Saved data entries
theorem proposition1:
  fixes c :: "nat \<Rightarrow> nat \<Rightarrow> real" and n :: nat
  assumes "has_degree c n"
  shows "(\<forall>u v w \<xi>. w \<noteq> 0 \<longrightarrow>
            Qform c n (u, v, w) \<xi> =
              w ^ (n + 2) * IIf (poly2 c n) (rho (u, v, w)) (frechet_derivative rho (at (u, v, w)) \<xi>))
       \<and> poly3_fun (\<lambda>u v w. w\<^sup>2 * Fuu c n u v w)
       \<and> poly3_fun (\<lambda>u v w. w\<^sup>2 * Fuv c n u v w)
       \<and> poly3_fun (\<lambda>u v w. w\<^sup>2 * Fvv c n u v w)
       \<and> poly3_fun (\<lambda>u v w. w * Acoef c n u v w)
       \<and> poly3_fun (\<lambda>u v w. w * Bcoef c n u v w)
       \<and> poly3_fun (\<lambda>u v w. Scoef c n u v w)
       \<and> (\<forall>u v w. (u, v, w) \<in> sphere2 \<and> w \<noteq> 0 \<longrightarrow>
            w ^ (n + 2) \<noteq> 0 \<and>
            (\<forall>\<xi>. tangent_S2 (u, v, w) \<xi> \<longrightarrow>
               Qform c n (u, v, w) \<xi> =
                 w ^ (n + 2) * IIf (poly2 c n) (rho (u, v, w)) (frechet_derivative rho (at (u, v, w)) \<xi>)))
       \<and> (\<forall>u v. (u, v, 0) \<in> sphere2 \<longrightarrow> Qform c n (u, v, 0) (- v, u, 0) = 0)"
proof (intro conjI allI impI)
  note monomial_multiple = poly3_fun_mult_monomial[where r = 1 and p = 0 and q = 0 and m = 2, simplified]
  show "poly3_fun (\<lambda>u v w. w\<^sup>2 * Fuu c n u v w)"
    using monomial_multiple[OF poly3_fun_Fuu] .
  show "poly3_fun (\<lambda>u v w. w\<^sup>2 * Fuv c n u v w)"
    using monomial_multiple[OF poly3_fun_Fuv] .
  show "poly3_fun (\<lambda>u v w. w\<^sup>2 * Fvv c n u v w)"
    using monomial_multiple[OF poly3_fun_Fvv] .
  show "poly3_fun (\<lambda>u v w. w * Acoef c n u v w)"
    using poly3_fun_add[OF poly3_fun_mult_monomial[OF poly3_fun_Fuu, of "-1" 1 0 1]
                           poly3_fun_mult_monomial[OF poly3_fun_Fuv, of "-1" 0 1 1]]
    by (simp add: Acoef_def algebra_simps)
  show "poly3_fun (\<lambda>u v w. w * Bcoef c n u v w)"
    using poly3_fun_add[OF poly3_fun_mult_monomial[OF poly3_fun_Fuv, of "-1" 1 0 1]
                           poly3_fun_mult_monomial[OF poly3_fun_Fvv, of "-1" 0 1 1]]
    by (simp add: Bcoef_def algebra_simps)
  show "poly3_fun (\<lambda>u v w. Scoef c n u v w)"
    using poly3_fun_add[OF poly3_fun_add[OF poly3_fun_mult_monomial[OF poly3_fun_Fuu, of 1 2 0 0]
                                            poly3_fun_mult_monomial[OF poly3_fun_Fuv, of 2 1 1 0]]
                           poly3_fun_mult_monomial[OF poly3_fun_Fvv, of 1 0 2 0]]
    by (simp add: Scoef_def algebra_simps)
next
  fix u v w :: real and \<xi> assume "w \<noteq> 0"
  then show "Qform c n (u, v, w) \<xi>
      = w ^ (n + 2) * IIf (poly2 c n) (rho (u, v, w)) (frechet_derivative rho (at (u, v, w)) \<xi>)"
    by (rule Qform_eq_pullback_IIf)
next
  fix u v w :: real and \<xi> assume "(u, v, w) \<in> sphere2 \<and> w \<noteq> 0"
  then show "w ^ (n + 2) \<noteq> 0"
    and "Qform c n (u, v, w) \<xi>
      = w ^ (n + 2) * IIf (poly2 c n) (rho (u, v, w)) (frechet_derivative rho (at (u, v, w)) \<xi>)"
    by (simp_all add: Qform_eq_pullback_IIf)
next
  fix u v :: real
  show "Qform c n (u, v, 0) (- v, u, 0) = 0"
    by (simp add: Qform_eq_Hessian_form)
qed

end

TO DO —
Please reproduce each entry exactly as it appears.

RESULT OF THIS TASK —
theorem proposition1:
  fixes c :: "nat \<Rightarrow> nat \<Rightarrow> real" and n :: nat
  assumes "has_degree c n"
  shows "(\<forall>u v w \<xi>. w \<noteq> 0 \<longrightarrow>
            Qform c n (u, v, w) \<xi> =
              w ^ (n + 2) * IIf (poly2 c n) (rho (u, v, w)) (frechet_derivative rho (at (u, v, w)) \<xi>))
       \<and> poly3_fun (\<lambda>u v w. w\<^sup>2 * Fuu c n u v w)
       \<and> poly3_fun (\<lambda>u v w. w\<^sup>2 * Fuv c n u v w)
       \<and> poly3_fun (\<lambda>u v w. w\<^sup>2 * Fvv c n u v w)
       \<and> poly3_fun (\<lambda>u v w. w * Acoef c n u v w)
       \<and> poly3_fun (\<lambda>u v w. w * Bcoef c n u v w)
       \<and> poly3_fun (\<lambda>u v w. Scoef c n u v w)
       \<and> (\<forall>u v w. (u, v, w) \<in> sphere2 \<and> w \<noteq> 0 \<longrightarrow>
            w ^ (n + 2) \<noteq> 0 \<and>
            (\<forall>\<xi>. tangent_S2 (u, v, w) \<xi> \<longrightarrow>
               Qform c n (u, v, w) \<xi> =
                 w ^ (n + 2) * IIf (poly2 c n) (rho (u, v, w)) (frechet_derivative rho (at (u, v, w)) \<xi>)))
       \<and> (\<forall>u v. (u, v, 0) \<in> sphere2 \<longrightarrow> Qform c n (u, v, 0) (- v, u, 0) = 0)"
proof (intro conjI allI impI)
  note monomial_multiple = poly3_fun_mult_monomial[where r = 1 and p = 0 and q = 0 and m = 2, simplified]
  show "poly3_fun (\<lambda>u v w. w\<^sup>2 * Fuu c n u v w)"
    using monomial_multiple[OF poly3_fun_Fuu] .
  show "poly3_fun (\<lambda>u v w. w\<^sup>2 * Fuv c n u v w)"
    using monomial_multiple[OF poly3_fun_Fuv] .
  show "poly3_fun (\<lambda>u v w. w\<^sup>2 * Fvv c n u v w)"
    using monomial_multiple[OF poly3_fun_Fvv] .
  show "poly3_fun (\<lambda>u v w. w * Acoef c n u v w)"
    using poly3_fun_add[OF poly3_fun_mult_monomial[OF poly3_fun_Fuu, of "-1" 1 0 1]
                           poly3_fun_mult_monomial[OF poly3_fun_Fuv, of "-1" 0 1 1]]
    by (simp add: Acoef_def algebra_simps)
  show "poly3_fun (\<lambda>u v w. w * Bcoef c n u v w)"
    using poly3_fun_add[OF poly3_fun_mult_monomial[OF poly3_fun_Fuv, of "-1" 1 0 1]
                           poly3_fun_mult_monomial[OF poly3_fun_Fvv, of "-1" 0 1 1]]
    by (simp add: Bcoef_def algebra_simps)
  show "poly3_fun (\<lambda>u v w. Scoef c n u v w)"
    using poly3_fun_add[OF poly3_fun_add[OF poly3_fun_mult_monomial[OF poly3_fun_Fuu, of 1 2 0 0]
                                            poly3_fun_mult_monomial[OF poly3_fun_Fuv, of 2 1 1 0]]
                           poly3_fun_mult_monomial[OF poly3_fun_Fvv, of 1 0 2 0]]
    by (simp add: Scoef_def algebra_simps)
next
  fix u v w :: real and \<xi> assume "w \<noteq> 0"
  then show "Qform c n (u, v, w) \<xi>
      = w ^ (n + 2) * IIf (poly2 c n) (rho (u, v, w)) (frechet_derivative rho (at (u, v, w)) \<xi>)"
    by (rule Qform_eq_pullback_IIf)
next
  fix u v w :: real and \<xi> assume "(u, v, w) \<in> sphere2 \<and> w \<noteq> 0"
  then show "w ^ (n + 2) \<noteq> 0"
    and "Qform c n (u, v, w) \<xi>
      = w ^ (n + 2) * IIf (poly2 c n) (rho (u, v, w)) (frechet_derivative rho (at (u, v, w)) \<xi>)"
    by (simp_all add: Qform_eq_pullback_IIf)
next
  fix u v :: real
  show "Qform c n (u, v, 0) (- v, u, 0) = 0"
    by (simp add: Qform_eq_Hessian_form)
qed

end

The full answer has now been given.